When doing some more searching, I ended up finding the original owner of the fursuit. They put up an auction for it half a year ago. I wonder if the original owner realized her suit would be sold to people making porn. Or maybe she didn't care because she was getting $1700.
Such a pity, it's an adorable suit, and the glasses make it even cuter. But knowing what happens to it I would be reluctant to hug it at a con.


----------



## chesse20 (Feb 18, 2014)

doesn't seem that bad when you compare it to all the weird shit(sometimes literally)  u see on furaffinity when you leave the sfw filter off or tumblr


----------



## Dyluck (Feb 18, 2014)

That's going to be the most depressing, unsexy porn ever made.


----------



## chesse20 (Feb 18, 2014)

Dyluck said:


> That's going to be the most depressing, unsexy porn ever made.

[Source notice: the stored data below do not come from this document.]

lemma uniform_limit_on_compact_if_locally_uniform_limit:
  assumes "locally_uniform_limit S f g" "compact K" "K \<subseteq> S"
  shows "uniform_limit K f g sequentially"
proof -
  have "\<forall>x\<in>K. \<exists>e. e > 0 \<and> uniform_limit (S \<inter> cball x e) f g sequentially"
    using assms(1,3) unfolding locally_uniform_limit_def by blast
  then obtain e where e: "\<forall>x\<in>K. e x > 0 \<and> uniform_limit (S \<inter> cball x (e x)) f g sequentially"
    by (rule bchoice[elim_format]) blast
  then have "K \<subseteq> (\<Union>x\<in>K. ball x (e x))"
    using centre_in_ball by blast
  then obtain K' where K': "K' \<subseteq> K" "finite K'" "K \<subseteq> (\<Union>x\<in>K'. ball x (e x))"
    by (rule compactE_image[OF assms(2) open_ball])
  then have "uniform_limit (\<Union>x\<in>K'. S \<inter> cball x (e x)) f g sequentially"
    using e by (intro uniform_limit_on_UNION) auto
  moreover have "K \<subseteq> (\<Union>x\<in>K'. S \<inter> cball x (e x))"
  proof
    fix y assume "y \<in> K"
    then obtain x where "x \<in> K'" "y \<in> ball x (e x)"
      using K'(3) by blast
    then show "y \<in> (\<Union>x\<in>K'. S \<inter> cball x (e x))"
      using \<open>y \<in> K\<close> assms(3) by (auto intro: less_imp_le)
  qed
  ultimately show ?thesis by (rule uniform_limit_on_subset)
qed

lemma dist_funpow_le:
  fixes h :: "'a::metric_space \<Rightarrow> 'a"
  assumes step: "\<And>y. dist x y \<le> real n * \<epsilon> \<Longrightarrow> dist (h y) y \<le> \<epsilon>"
    and "\<epsilon> \<ge> 0" and "i \<le> n"
  shows "dist ((h ^^ i) x) x \<le> real i * \<epsilon>"
  using \<open>i \<le> n\<close>
proof (induction i)
  case 0
  then show ?case by simp
next
  case (Suc i)
  then have IH: "dist ((h ^^ i) x) x \<le> real i * \<epsilon>" by simp
  moreover have "real i * \<epsilon> \<le> real n * \<epsilon>"
    using Suc.prems \<open>\<epsilon> \<ge> 0\<close> by (intro mult_right_mono) auto
  ultimately have "dist (h ((h ^^ i) x)) ((h ^^ i) x) \<le> \<epsilon>"
    by (intro step) (simp add: dist_commute)
  then show ?case
    using IH dist_triangle[of "(h ^^ Suc i) x" x "(h ^^ i) x"] by (simp add: algebra_simps)
qed

lemma sum_funpow_shift_if_periodic:
  fixes h :: "'a::cancel_comm_monoid_add \<Rightarrow> 'a"
  assumes "(h ^^ n) x = x"
  shows "(\<Sum>i<n. (h ^^ i) (h x)) = (\<Sum>i<n. (h ^^ i) x)"
proof -
  have "(\<Sum>i<n. (h ^^ i) (h x)) + x = (\<Sum>i<n. (h ^^ Suc i) x) + (h ^^ 0) x"
    by (simp add: funpow_Suc_right del: funpow.simps)
  also have "\<dots> = (\<Sum>i<Suc n. (h ^^ i) x)"
    by (simp only: sum.lessThan_Suc_shift add.commute)
  also have "\<dots> = (\<Sum>i<n. (h ^^ i) x) + x"
    by (simp only: sum.lessThan_Suc assms)
  finally show ?thesis
    by (simp only: add_right_cancel)
qed

definition mean_displacement :: "('a::real_vector \<Rightarrow> 'a) \<Rightarrow> nat \<Rightarrow> 'a \<Rightarrow> 'a" where
  "mean_displacement h n x = (1 / real n) *\<^sub>R (\<Sum>i<n. (h ^^ i) x - x)"

lemma mean_displacement_shift:
  fixes h :: "'a::real_vector \<Rightarrow> 'a"
  assumes "(h ^^ n) x = x" "n > 0"
  shows "mean_displacement h n x - mean_displacement h n (h x) = h x - x"
proof -
  have sums: "(\<Sum>i<n. (h ^^ i) x - x) - (\<Sum>i<n. (h ^^ i) (h x) - h x) = real n *\<^sub>R (h x - x)"
    using sum_funpow_shift_if_periodic[OF assms(1)]
    by (simp add: sum_subtractf sum_constant_scaleR scaleR_diff_right del: sum_constant)
  have "mean_displacement h n x - mean_displacement h n (h x) =
      (1 / real n) *\<^sub>R ((\<Sum>i<n. (h ^^ i) x - x) - (\<Sum>i<n. (h ^^ i) (h x) - h x))"
    by (simp only: mean_displacement_def scaleR_diff_right)
  also have "\<dots> = h x - x"
    using \<open>n > 0\<close> by (simp only: sums) simp
  finally show ?thesis .
qed

lemma norm_mean_displacement_le:
  fixes h :: "'a::real_normed_vector \<Rightarrow> 'a"
  assumes "\<And>i. i < n \<Longrightarrow> norm ((h ^^ i) x - x) \<le> M" "n > 0"
  shows "norm (mean_displacement h n x) \<le> M"
proof -
  have "norm (mean_displacement h n x) \<le> (1 / real n) * (\<Sum>i<n. norm ((h ^^ i) x - x))"
    unfolding mean_displacement_def by (simp add: divide_right_mono norm_sum)
  also have "\<dots> \<le> (1 / real n) * (real n * M)"
    using sum_bounded_above[of "{..<n}" "\<lambda>i. norm ((h ^^ i) x - x)"] assms(1)
    by (intro mult_left_mono) auto
  also have "\<dots> = M"
    using \<open>n > 0\<close> by simp
  finally show ?thesis .
qed

lemma holo_on_mean_displacement:
  "(\<And>i. i < n \<Longrightarrow> holo_on (h ^^ i) S) \<Longrightarrow> holo_on (mean_displacement h n) S"
  unfolding mean_displacement_def[abs_def]
  by (intro holo_on_scaleR holo_on_sum holo_on_diff holo_on_ident) simp

lemma periodic_holo_near_id_is_id:
  fixes h :: "complex ^ 'n \<Rightarrow> complex ^ 'n"
  assumes "D > 0" "r > 0" "\<epsilon> \<ge> 0"
    and holo: "\<And>i. i < D \<Longrightarrow> holo_on (h ^^ i) U"
    and periodic: "\<And>x. x \<in> U \<Longrightarrow> (h ^^ D) x = x"
    and close: "\<And>y. y \<in> cball p (3 * r) \<Longrightarrow> dist (h y) y \<le> \<epsilon>"
    and "cball p (3 * r) \<subseteq> U"
    and small: "4 * real CARD('n) * real D * \<epsilon> \<le> r"
    and x: "x \<in> ball p (r / 2)"
  shows "h x = x"
proof -
  have D\<epsilon>: "real D * \<epsilon> \<le> r / 4" "real CARD('n) * (real D * \<epsilon>) / r \<le> 1 / 2"
    using small mult_right_mono[of 1 "real CARD('n)" "real D * \<epsilon>"] \<open>r > 0\<close> \<open>\<epsilon> \<ge> 0\<close>
    by (simp_all add: pos_divide_le_eq)
  define g where "g = mean_displacement h D"
  have "ball p (2 * r) \<subseteq> U"
    using \<open>cball p (3 * r) \<subseteq> U\<close> \<open>r > 0\<close> by (auto simp: subset_eq)
  then have g_holo: "holo_on g (ball p (2 * r))"
    unfolding g_def by (intro holo_on_mean_displacement holo_on_subset[OF holo])
  have g_small: "norm (g w) \<le> real D * \<epsilon>" if "w \<in> ball p (2 * r)" for w
    unfolding g_def
  proof (rule norm_mean_displacement_le[OF _ \<open>D > 0\<close>])
    fix i assume "i < D"
    have "cball w (real D * \<epsilon>) \<subseteq> cball p (3 * r)"
      using that D\<epsilon>(1) \<open>r > 0\<close> by (simp add: cball_subset_cball_iff dist_commute)
    then have "dist ((h ^^ i) w) w \<le> real i * \<epsilon>"
      using close \<open>i < D\<close> by (intro dist_funpow_le[OF _ \<open>\<epsilon> \<ge> 0\<close>]) auto
    also have "\<dots> \<le> real D * \<epsilon>"
      using \<open>i < D\<close> \<open>\<epsilon> \<ge> 0\<close> by (intro mult_right_mono) auto
    finally show "norm ((h ^^ i) w - w) \<le> real D * \<epsilon>"
      by (simp add: dist_norm)
  qed
  have contraction: "norm (g y - g z) \<le> 1 / 2 * norm (y - z)"
    if "y \<in> ball p r" "z \<in> ball p r" for y z
    using bounded_holo_on_lipschitz[OF g_holo g_small that] mult_right_mono[OF D\<epsilon>(2) norm_ge_zero]
    by (rule order_trans)
  have "\<epsilon> \<le> real D * \<epsilon>"
    using \<open>D > 0\<close> \<open>\<epsilon> \<ge> 0\<close> by (simp add: mult_le_cancel_right1)
  moreover have "dist (h x) x \<le> \<epsilon>"
    using x \<open>r > 0\<close> by (intro close) simp
  ultimately have "h x \<in> ball p r" "x \<in> ball p r"
    using x \<open>r > 0\<close> D\<epsilon>(1) dist_triangle[of p "h x" x] by (simp_all add: dist_commute)
  moreover have "g x - g (h x) = h x - x"
    unfolding g_def using \<open>D > 0\<close> \<open>cball p (3 * r) \<subseteq> U\<close> \<open>x \<in> ball p r\<close> \<open>r > 0\<close>
    by (intro mean_displacement_shift periodic) auto
  ultimately have "norm (h x - x) \<le> 1 / 2 * norm (h x - x)"
    using contraction by (metis norm_minus_commute)
  then show ?thesis by simp
qed
lemma lborel_distr_orthogonal_transformation:
  fixes T :: "real^'n::{finite,wellorder} \<Rightarrow> real^'n::_"
  assumes T: "orthogonal_transformation T"
  shows "distr lborel borel T = lborel"
proof (rule lborel_eqI[symmetric])
  have meas: "T \<in> borel_measurable borel"
    by (rule linear_borel_measurable[OF orthogonal_transformation_linear[OF T]])
  show "sets (distr lborel borel T) = sets borel" by simp
  fix l u :: "real^'n::_"
  assume le: "\<And>b. b \<in> Basis \<Longrightarrow> l \<bullet> b \<le> u \<bullet> b"
  have invT: "orthogonal_transformation (inv T)"
    using T orthogonal_transformation_inv by blast
  have preimage: "T -` box l u = inv T ` box l u"
    using T orthogonal_transformation_bij bij_vimage_eq_inv_image by blast
  have box: "box l u \<in> lmeasurable" by simp
  have "T -` box l u \<in> sets borel"
    using measurable_sets_borel[OF meas, of "box l u"] by simp
  then have "emeasure (distr lborel borel T) (box l u) = emeasure lebesgue (T -` box l u)"
    using meas by (simp add: emeasure_distr emeasure_completion)
  also have "\<dots> = emeasure lebesgue (box l u)"
    using measurable_orthogonal_image[OF invT box] measure_orthogonal_image[OF invT box] box
    by (simp add: preimage emeasure_eq_measure2)
  also have "\<dots> = (\<Prod>b\<in>Basis. (u - l) \<bullet> b)"
    using le by (simp add: emeasure_completion)
  finally show "emeasure (distr lborel borel T) (box l u) = (\<Prod>b\<in>Basis. (u - l) \<bullet> b)" .
qed

lemma orthogonal_transformation_isometry_conj:
  assumes "linear f" "linear g" "\<And>x y. f x \<bullet> f y = x \<bullet> y" "\<And>x y. g x \<bullet> g y = x \<bullet> y"
    and T: "orthogonal_transformation T"
  shows "orthogonal_transformation (\<lambda>x. g (T (f x)))"
  using assms linear_compose[OF linear_compose[OF \<open>linear f\<close> orthogonal_transformation_linear[OF T]]
      \<open>linear g\<close>]
  by (simp add: orthogonal_transformation_def o_def)

text \<open>The library proves invariance of Lebesgue measure under orthogonal maps only on
  \<open>real^'n\<close>; it is transported to \<open>complex^2\<close> along the isometry below.\<close>

definition c2_of_r4 :: "real^4 \<Rightarrow> complex^2" where
  "c2_of_r4 x = (\<chi> i. if i = 1 then Complex (x$1) (x$2) else Complex (x$3) (x$4))"
lemma orbit_rcoset_action_subset_fibre:
  assumes T: "subgroup T G" and P: "subgroup P G" and g: "g \<in> carrier G"
  shows "orbit (G\<lparr>carrier := P\<rparr>) (rcoset_action G T) (T #> g)
           \<subseteq> {C \<in> rcosets T. (\<lambda>x. conj_set G x P) ` C = (\<lambda>t. conj_set G t (conj_set G g P)) ` T}"
proof
  fix C assume "C \<in> orbit (G\<lparr>carrier := P\<rparr>) (rcoset_action G T) (T #> g)"
  then obtain y where y: "y \<in> P" and C: "C = T #> (g \<otimes> inv y)"
    using g subgroup.subset[OF T] subgroup.subset[OF P]
    by (auto simp: orbit_def rcoset_action_def rcosetsI coset_mult_assoc)
  have yc: "inv y \<in> P" "y \<in> carrier G"
    using subgroup.m_inv_closed[OF P y] subgroup.mem_carrier[OF P y] by auto
  have "conj_set G (g \<otimes> inv y) P = conj_set G g P"
    using conj_set_mult[of g "inv y" P] conj_set_subgroup_self[OF P yc(1)] g yc(2)
      subgroup.subset[OF P]
    by simp
  then show "C \<in> {C \<in> rcosets T. (\<lambda>x. conj_set G x P) ` C = (\<lambda>t. conj_set G t (conj_set G g P)) ` T}"
    using image_conj_set_rcos[of T P "g \<otimes> inv y"] C g yc(2) subgroup.subset[OF T] subgroup.subset[OF P]
    by (simp add: rcosetsI)
qed

lemma card_conj_orbits_Syl_rel_mult_le:
  assumes fin: "finite (carrier G)" and T: "subgroup T G" and p: "Factorial_Ring.prime p"
  shows "card (conj_orbits G T (Syl_rel G T p)) * p ^ multiplicity p (card (rcosets T))
           \<le> card (rcosets T)"
proof (cases "Syl_rel G T p = {}")
  case True
  then show ?thesis by (simp add: conj_orbits_def)
next
  case False
  then obtain P where "P \<in> Syl_rel G T p" by blast
  then have P: "subgroup P G" "card P = p ^ multiplicity p (order G)"
    using Syl_relD(1) by (auto simp: sylow_subgroup_def)
  define c where "c = multiplicity p (card (rcosets T))"
  have "p ^ c \<le> card {C \<in> rcosets T. (\<lambda>x. conj_set G x P) ` C = B}"
    if B_orbit: "B \<in> conj_orbits G T (Syl_rel G T p)" for B
  proof -
    obtain Q where Q: "Q \<in> Syl_rel G T p" and B: "B = (\<lambda>t. conj_set G t Q) ` T"
      using B_orbit by (auto simp: conj_orbits_def Setcompr_eq_image)
    obtain g where g: "g \<in> carrier G" and Qg: "Q = conj_set G g P"
      using sylow_subgroups_conjugate[OF fin p] Syl_relD(1) \<open>P \<in> Syl_rel G T p\<close> Q by blast
    let ?orbit = "orbit (G\<lparr>carrier := P\<rparr>) (rcoset_action G T) (T #> g)"
    have "card ?orbit * card (Q \<inter> T) = card P"
      using card_orbit_rcoset_action[OF P(1) T g] Qg by simp
    then have "card ?orbit * p ^ multiplicity p (card T) = p ^ c * p ^ multiplicity p (card T)"
      using Syl_relD(2)[OF Q] P(2) multiplicity_order_eq_add[OF fin T p]
      by (simp add: Int_commute c_def power_add)
    then have "card ?orbit = p ^ c"
      using p prime_gt_0_nat by simp
    moreover have "?orbit \<subseteq> {C \<in> rcosets T. (\<lambda>x. conj_set G x P) ` C = B}"
      using orbit_rcoset_action_subset_fibre[OF T P(1) g] B Qg by simp
    ultimately show ?thesis
      using finite_rcosets[OF fin T]
      by (metis (no_types, lifting) card_mono finite_subset mem_Collect_eq subsetI)
  qed
  then show ?thesis
    unfolding c_def by (rule card_mult_le_card_of_fibres[OF finite_rcosets[OF fin T]])
qed

end

theorem lemma3p1:
  fixes R :: "('a, 'b) monoid_scheme" and T :: "'a set" and p :: nat
  assumes "group R" and "finite (carrier R)" and "subgroup T R" and "Factorial_Ring.prime p"
  shows "card (conj_orbits R T (Syl_rel R T p))
           \<le> card (rcosets\<^bsub>R\<^esub> T) div p ^ multiplicity p (card (rcosets\<^bsub>R\<^esub> T))"
  using group.card_conj_orbits_Syl_rel_mult_le[OF assms] assms(4)
  by (simp add: less_eq_div_iff_mult_less_eq prime_gt_0_nat)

they already have like 3 test vids on xtube( I did some research in their forums) 
7/10


----------



## Mr. Sparta (Feb 18, 2014)

I can only imagine the laundry they have to do after each shoot.


----------



## PastryOfApathy (Feb 18, 2014)

Everyone's got a weird-ass kink, someone probably saw a market and rolled with it. Like I swear some of the most business savvy, and generally ingenious people I've ever seen all work in porn somehow.


----------



## chesse20 (Feb 18, 2014)

Disregard this post


----------



## Batty Krueger (Feb 18, 2014)

Where do I sign up!?

Anyway those hipster glasses make me wanna punch it in the forehead.


----------



## Joey (Feb 19, 2014)

I don't get it.

And I gotta say, I'm really surprised it's supposedly straight porn.


----------



## Batty Krueger (Feb 19, 2014)

Ewwwwwww

Straight porn D:<


----------



## Volkodav (Feb 19, 2014)

This is why I don't go near cons.


----------



## Batty Krueger (Feb 19, 2014)

Clayton said:


> This is why I don't go near cons.


Its not as bad as people make it out to be. You just dont hug random fursuits.


----------



## jorinda (Feb 19, 2014)

d.batty said:


> Its not as bad as people make it out to be. You just dont hug random fursuits.



This.
Otherwise I wouldn't be able to leave my apartment, because there are people out there who are nasty. You cannot totally avoid meeting icky people, no matter where you go.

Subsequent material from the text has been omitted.